How DENSE_RANK() Works in SQL Server

In SQL Server, the DENSE_RANK() function returns the rank of each row within the partition of a result set. The rank of a row is one plus the number of distinct ranks that come before the row.

This function is similar to RANK(), but without the gaps in the ranking values that can occur with RANK() when ties exist in the result set.

Syntax

The syntax goes like this:

DENSE_RANK ( ) OVER ( [  ] < order_by_clause > )

<partition_by_clause> is optional. It divides the result set produced by the FROM clause into partitions to which the function is applied. If not specified, all rows of the query result set are treated as a single group.

<order_by_clause> is required. It determines the order in which the function applies to the rows in a partition.

Note that the OVER clause normally accepts a <rows_or_range_clause>, but that argument cannot be used with this function.

Example 1 – Basic Usage

Here’s a basic example showing the usage of the DENSE_RANK() function:

SELECT
  AlbumId,
  AlbumName,
  ArtistId,
  DENSE_RANK() OVER (ORDER BY ArtistId ASC) 'Rank'
FROM Albums;

Result:

+-----------+--------------------------+------------+--------+
| AlbumId   | AlbumName                | ArtistId   | Rank   |
|-----------+--------------------------+------------+--------|
| 1         | Powerslave               | 1          | 1      |
| 7         | Somewhere in Time        | 1          | 1      |
| 8         | Piece of Mind            | 1          | 1      |
| 9         | Killers                  | 1          | 1      |
| 10        | No Prayer for the Dying  | 1          | 1      |
| 2         | Powerage                 | 2          | 2      |
| 19        | All Night Wrong          | 3          | 3      |
| 20        | The Sixteen Men of Tain  | 3          | 3      |
| 12        | Big Swing Face           | 4          | 4      |
| 4         | Ziltoid the Omniscient   | 5          | 5      |
| 5         | Casualties of Cool       | 5          | 5      |
| 6         | Epicloud                 | 5          | 5      |
| 3         | Singing Down the Lane    | 6          | 6      |
| 16        | Long Lost Suitcase       | 7          | 7      |
| 17        | Praise and Blame         | 7          | 7      |
| 18        | Along Came Jones         | 7          | 7      |
| 11        | No Sound Without Silence | 9          | 8      |
| 21        | Yo Wassup                | 9          | 8      |
| 22        | Busted                   | 9          | 8      |
| 13        | Blue Night               | 12         | 9      |
| 14        | Eternity                 | 12         | 9      |
| 15        | Scandinavia              | 12         | 9      |
+-----------+--------------------------+------------+--------+

Look at the ArtistId and Rank columns. The rank increases each time the ArtistId increases. This is because I’m ordering by ArtistId, and so each new artist will get a new rank.
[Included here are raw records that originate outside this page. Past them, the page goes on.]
(* Let $(V,E)$ be a digraph with $V$ countably infinite, $\mu_1,\mu_2$ probability measures on $V$, and $Q$ a finitely decomposable acyclic flow on $(V,E)$ with $\operatorname{div}Q=\mu_1-\mu_2$. Then there exists a coupling $\rho$ between $\mu_1$ and $\mu_2$ such that, for each ordered pair $x\ne y$, there are countably many directed paths $\gamma^i_{(x,y)}$ in $(V,E)$ from $x$ to $y$ and weights $\rho^i(x,y)\ge0$ with $\sum_i\rho^i(x,y)=\rho(x,y)$ and $Q=\sum_{x\neq y}\sum_i\rho^i(x,y)Q_{\gamma^i_{(x,y)}}$ pointwise, and moreover $\sum_{x\neq y}\rho(x,y)=\frac12\sum_x|\mu_1(x)-\mu_2(x)|$.
   Context: A flow on $(V,E)$ is a map $Q:E\to[0,+\infty)$, with $\operatorname{div}Q(x)=\sum_{y:(x,y)\in E}Q(x,y)-\sum_{y:(y,x)\in E}Q(y,x)$; $Q$ is acyclic if the digraph of edges with $Q>0$ has no directed cycle. For a directed path $\gamma=(x_0,\dots,x_n)$, $Q_\gamma(x,y)=1$ if $(x,y)=(x_i,x_{i+1})$ for some $i$, $0$ otherwise. $Q$ is finitely decomposable if $Q=\sum_nq_nQ_{\gamma_n}$ pointwise for a countable family of finite self-avoiding directed paths $\gamma_n$ and weights $q_n\ge0$ with $\sum_nq_n<\infty$. A coupling is a probability measure on $V\times V$ with marginals $\mu_1,\mu_2$. *)

theory Defs
  imports "HOL-Analysis.Analysis"
begin
lemma vector_derivative_eq_0_iff_constant_on:
  fixes f :: "real \<Rightarrow> 'a::real_normed_vector"
  assumes "open S" "is_interval S" "\<And>x. x \<in> S \<Longrightarrow> f differentiable (at x)"
  shows "(\<forall>x\<in>S. vector_derivative f (at x) = 0) \<longleftrightarrow> (\<forall>x\<in>S. \<forall>y\<in>S. f x = f y)"
proof
  assume deriv_0: "\<forall>x\<in>S. vector_derivative f (at x) = 0"
  have "\<exists>c. \<forall>x\<in>S. f x = c"
  proof (rule has_derivative_zero_constant[OF is_interval_convex[OF assms(2)]])
    fix x
    assume "x \<in> S"
    then have "(f has_vector_derivative vector_derivative f (at x)) (at x)"
      by (intro vector_derivative_works[THEN iffD1] assms(3))
    with deriv_0 \<open>x \<in> S\<close> have "(f has_vector_derivative 0) (at x)"
      by simp
    then show "(f has_derivative (\<lambda>h. 0)) (at x within S)"
      by (simp add: has_vector_derivative_def has_derivative_at_withinI)
  qed
  then show "\<forall>x\<in>S. \<forall>y\<in>S. f x = f y"
    by auto
next
  assume const: "\<forall>x\<in>S. \<forall>y\<in>S. f x = f y"
  show "\<forall>x\<in>S. vector_derivative f (at x) = 0"
  proof
    fix x
    assume "x \<in> S"
    have "((\<lambda>t. f x) has_vector_derivative 0) (at x)"
      by simp
    then have "(f has_vector_derivative 0) (at x)"
      by (rule has_vector_derivative_transform_within_open[OF _ assms(1) \<open>x \<in> S\<close>])
         (use const \<open>x \<in> S\<close> in blast)
    then show "vector_derivative f (at x) = 0"
      by (rule vector_derivative_at)
  qed
qed

definition spectral_density_deriv ::
  "('n::finite \<Rightarrow> complex^'n) \<Rightarrow> ('n \<Rightarrow> real) \<Rightarrow> ('n \<Rightarrow> complex^'n) \<Rightarrow> ('n \<Rightarrow> real) \<Rightarrow> complex^'n^'n"
  where "spectral_density_deriv w p w' p' =
    (\<Sum>k\<in>UNIV. p k *\<^sub>R (ket_bra (w k) (w' k) + ket_bra (w' k) (w k)) + p' k *\<^sub>R ket_bra (w k) (w k))"

lemma spectral_density_has_vector_derivative:
  assumes "\<And>k. ((\<lambda>t. p t k) has_real_derivative p' k) (at \<theta>)"
    and "\<And>k. ((\<lambda>t. w t k) has_vector_derivative w' k) (at \<theta>)"
  shows "((\<lambda>t. spectral_density (w t) (p t)) has_vector_derivative
    spectral_density_deriv (w \<theta>) (p \<theta>) w' p') (at \<theta>)"
  unfolding spectral_density_def spectral_density_deriv_def
  by (intro has_vector_derivative_sum has_vector_derivative_scaleR assms
      bounded_bilinear.has_vector_derivative[OF bounded_bilinear_ket_bra])

lemma hermitian_spectral_density_deriv: "hermitian (spectral_density_deriv w p w' p')"
  by (simp add: hermitian_def spectral_density_deriv_def cadj_sum cadj_add cadj_scaleR cadj_ket_bra
      add.commute)

lemma cinner_spectral_density_deriv:
  assumes "orthonormal_family w"
  shows "cinner (w j) (spectral_density_deriv w p w' p' *v w k)
    = (if j = k then of_real (p' k) else 0) + p k *\<^sub>R cinner (w j) (w' k) + p j *\<^sub>R cinner (w' j) (w k)"
proof -
  have "cinner (w j) (spectral_density_deriv w p w' p' *v w k)
    = (\<Sum>m\<in>UNIV. p m *\<^sub>R (cinner (w' m) (w k) * cinner (w j) (w m) + cinner (w m) (w k) * cinner (w j) (w' m))
        + p' m *\<^sub>R (cinner (w m) (w k) * cinner (w j) (w m)))"
    by (simp add: spectral_density_deriv_def matrix_vector_mult_sum_left matrix_vector_mult_add_rdistrib
        matrix_vector_mult_scaleR_left cinner_sum_right cinner_add_right cinner_scaleR_right
        cinner_ket_bra_mult_vec)
  also have "\<dots> = (\<Sum>m\<in>UNIV. (if m = j then p j *\<^sub>R cinner (w' j) (w k) else 0)
      + (if m = k then p k *\<^sub>R cinner (w j) (w' k) else 0) + (if m = k \<and> j = k then of_real (p' k) else 0))"
    by (rule sum.cong) (auto simp: orthonormal_family_cinner[OF assms] scaleR_conv_of_real distrib_left)
  also have "\<dots> = (if j = k then of_real (p' k) else 0) + p k *\<^sub>R cinner (w j) (w' k) + p j *\<^sub>R cinner (w' j) (w k)"
    by (simp add: sum.distrib)
  finally show ?thesis .
qed

lemma orthonormal_family_derivative_skew:
  assumes "open S" "\<theta> \<in> S" "\<And>t. t \<in> S \<Longrightarrow> orthonormal_family (w t)"
    and "\<And>k. ((\<lambda>t. w t k) has_vector_derivative w' k) (at \<theta>)"
  shows "cinner (w' j) (w \<theta> k) + cinner (w \<theta> j) (w' k) = 0"
proof -
  have "((\<lambda>t. cinner (w t j) (w t k)) has_vector_derivative
      cinner (w \<theta> j) (w' k) + cinner (w' j) (w \<theta> k)) (at \<theta>)"
    by (rule bounded_bilinear.has_vector_derivative[OF bounded_bilinear_cinner assms(4) assms(4)])
  moreover have "((\<lambda>t. cinner (w t j) (w t k)) has_vector_derivative 0) (at \<theta>)"
    by (rule has_vector_derivative_transform_within_open[OF _ assms(1,2), where f="\<lambda>t. if j = k then 1 else 0"])
       (simp_all add: assms(3) orthonormal_family_cinner)
  ultimately show ?thesis
    by (metis add.commute vector_derivative_unique_at)
qed

lemma has_vector_derivative_sqrt_weight:
  fixes Y :: "real \<Rightarrow> complex^'n::finite^'n" and v :: "real \<Rightarrow> complex^'n"
  assumes "open S" "\<theta> \<in> S"
    and Y_v: "\<And>t. t \<in> S \<Longrightarrow> Y t *v \<psi> = complex_of_real (sqrt (p t)) *s v t"
    and v_unit: "\<And>t. t \<in> S \<Longrightarrow> cinner (v t) (v t) = 1"
    and Y': "(Y has_vector_derivative Y') (at \<theta>)" and v': "(v has_vector_derivative v') (at \<theta>)"
  obtains g' where "((\<lambda>t. sqrt (p t)) has_real_derivative g') (at \<theta>)"
    and "Y' *v \<psi> = g' *\<^sub>R v \<theta> + sqrt (p \<theta>) *\<^sub>R v'"
proof -
  have Y'_psi: "((\<lambda>t. Y t *v \<psi>) has_vector_derivative Y' *v \<psi>) (at \<theta>)"
    by (rule bounded_linear.has_vector_derivative[OF bounded_linear_matrix_vector_mult_left Y'])
  \<comment> \<open>the weight is read off the Kraus operator as sqrt (p t) = Re (cinner (v t) (Y t *v \<psi>))\<close>
  define g' where "g' = Re (cinner (v \<theta>) (Y' *v \<psi>) + cinner v' (Y \<theta> *v \<psi>))"
  have "((\<lambda>t. Re (cinner (v t) (Y t *v \<psi>))) has_real_derivative g') (at \<theta>)"
    unfolding g'_def has_real_derivative_iff_has_vector_derivative
    by (intro bounded_linear.has_vector_derivative[OF bounded_linear_Re]
        bounded_bilinear.has_vector_derivative[OF bounded_bilinear_cinner v' Y'_psi])
  then have g': "((\<lambda>t. sqrt (p t)) has_real_derivative g') (at \<theta>)"
    by (rule has_field_derivative_transform_within_open[OF _ assms(1,2)])
       (simp add: Y_v v_unit cinner_scaleC_right)
  have "((\<lambda>t. sqrt (p t) *\<^sub>R v t) has_vector_derivative sqrt (p \<theta>) *\<^sub>R v' + g' *\<^sub>R v \<theta>) (at \<theta>)"
    by (rule has_vector_derivative_scaleR[OF g' v'])
  then have "((\<lambda>t. Y t *v \<psi>) has_vector_derivative sqrt (p \<theta>) *\<^sub>R v' + g' *\<^sub>R v \<theta>) (at \<theta>)"
    by (rule has_vector_derivative_transform_within_open[OF _ assms(1,2)])
       (simp add: Y_v scalar_mult_of_real)
  then have "Y' *v \<psi> = g' *\<^sub>R v \<theta> + sqrt (p \<theta>) *\<^sub>R v'"
    using vector_derivative_unique_at[OF Y'_psi] by (simp add: add.commute)
  with g' show ?thesis
    by (rule that)
qed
The rank remains the same with each artist, regardless of how many rows contain the same ArtistId, because the results are ordered by that column. For example, five rows contain the same ArtistId and therefore they also contain the same rank. In other words, they’re all tied for rank 1.

In many rows, the rank happens to be identical to the ArtistId, but this is just a coincidence. It just so happens that the ArtistId is an IDENTITY column that starts at 1 and increments by 1, which is also what RANK() does. However, you’ll see that they’re not identical on all rows. For example, the ArtistId skips from 7 to 9, but the rank simply increments from 7 to 8, and from that point on, both columns contain different values.

Example 2 – Partitions

You can also divide the results into partitions. When you do this, the rank is calculated against each partition (so it starts over again with each new partition).

Example:

SELECT
  Genre,
  AlbumName,
  ArtistId,
  DENSE_RANK() OVER (PARTITION BY Genre ORDER BY ArtistId ASC) 'Rank'
FROM Albums
INNER JOIN Genres 
ON Albums.GenreId = Genres.GenreId;

Result:

+---------+--------------------------+------------+--------+
| Genre   | AlbumName                | ArtistId   | Rank   |
|---------+--------------------------+------------+--------|
| Country | Singing Down the Lane    | 6          | 1      |
| Country | Yo Wassup                | 9          | 2      |
| Country | Busted                   | 9          | 2      |
| Jazz    | All Night Wrong          | 3          | 1      |
| Jazz    | The Sixteen Men of Tain  | 3          | 1      |
| Jazz    | Big Swing Face           | 4          | 2      |
| Pop     | Long Lost Suitcase       | 7          | 1      |
| Pop     | Praise and Blame         | 7          | 1      |
| Pop     | Along Came Jones         | 7          | 1      |
| Pop     | No Sound Without Silence | 9          | 2      |
| Pop     | Blue Night               | 12         | 3      |
| Pop     | Eternity                 | 12         | 3      |
| Pop     | Scandinavia              | 12         | 3      |
| Rock    | Powerslave               | 1          | 1      |
| Rock    | Somewhere in Time        | 1          | 1      |
| Rock    | Piece of Mind            | 1          | 1      |
| Rock    | Killers                  | 1          | 1      |
| Rock    | No Prayer for the Dying  | 1          | 1      |
| Rock    | Powerage                 | 2          | 2      |
| Rock    | Ziltoid the Omniscient   | 5          | 3      |
| Rock    | Casualties of Cool       | 5          | 3      |
| Rock    | Epicloud                 | 5          | 3      |
+---------+--------------------------+------------+--------+

In this case I partition by Genre. This causes each row to only be ranked against the other rows in the same partition. So each partition causes the ranking value to start at 1 again.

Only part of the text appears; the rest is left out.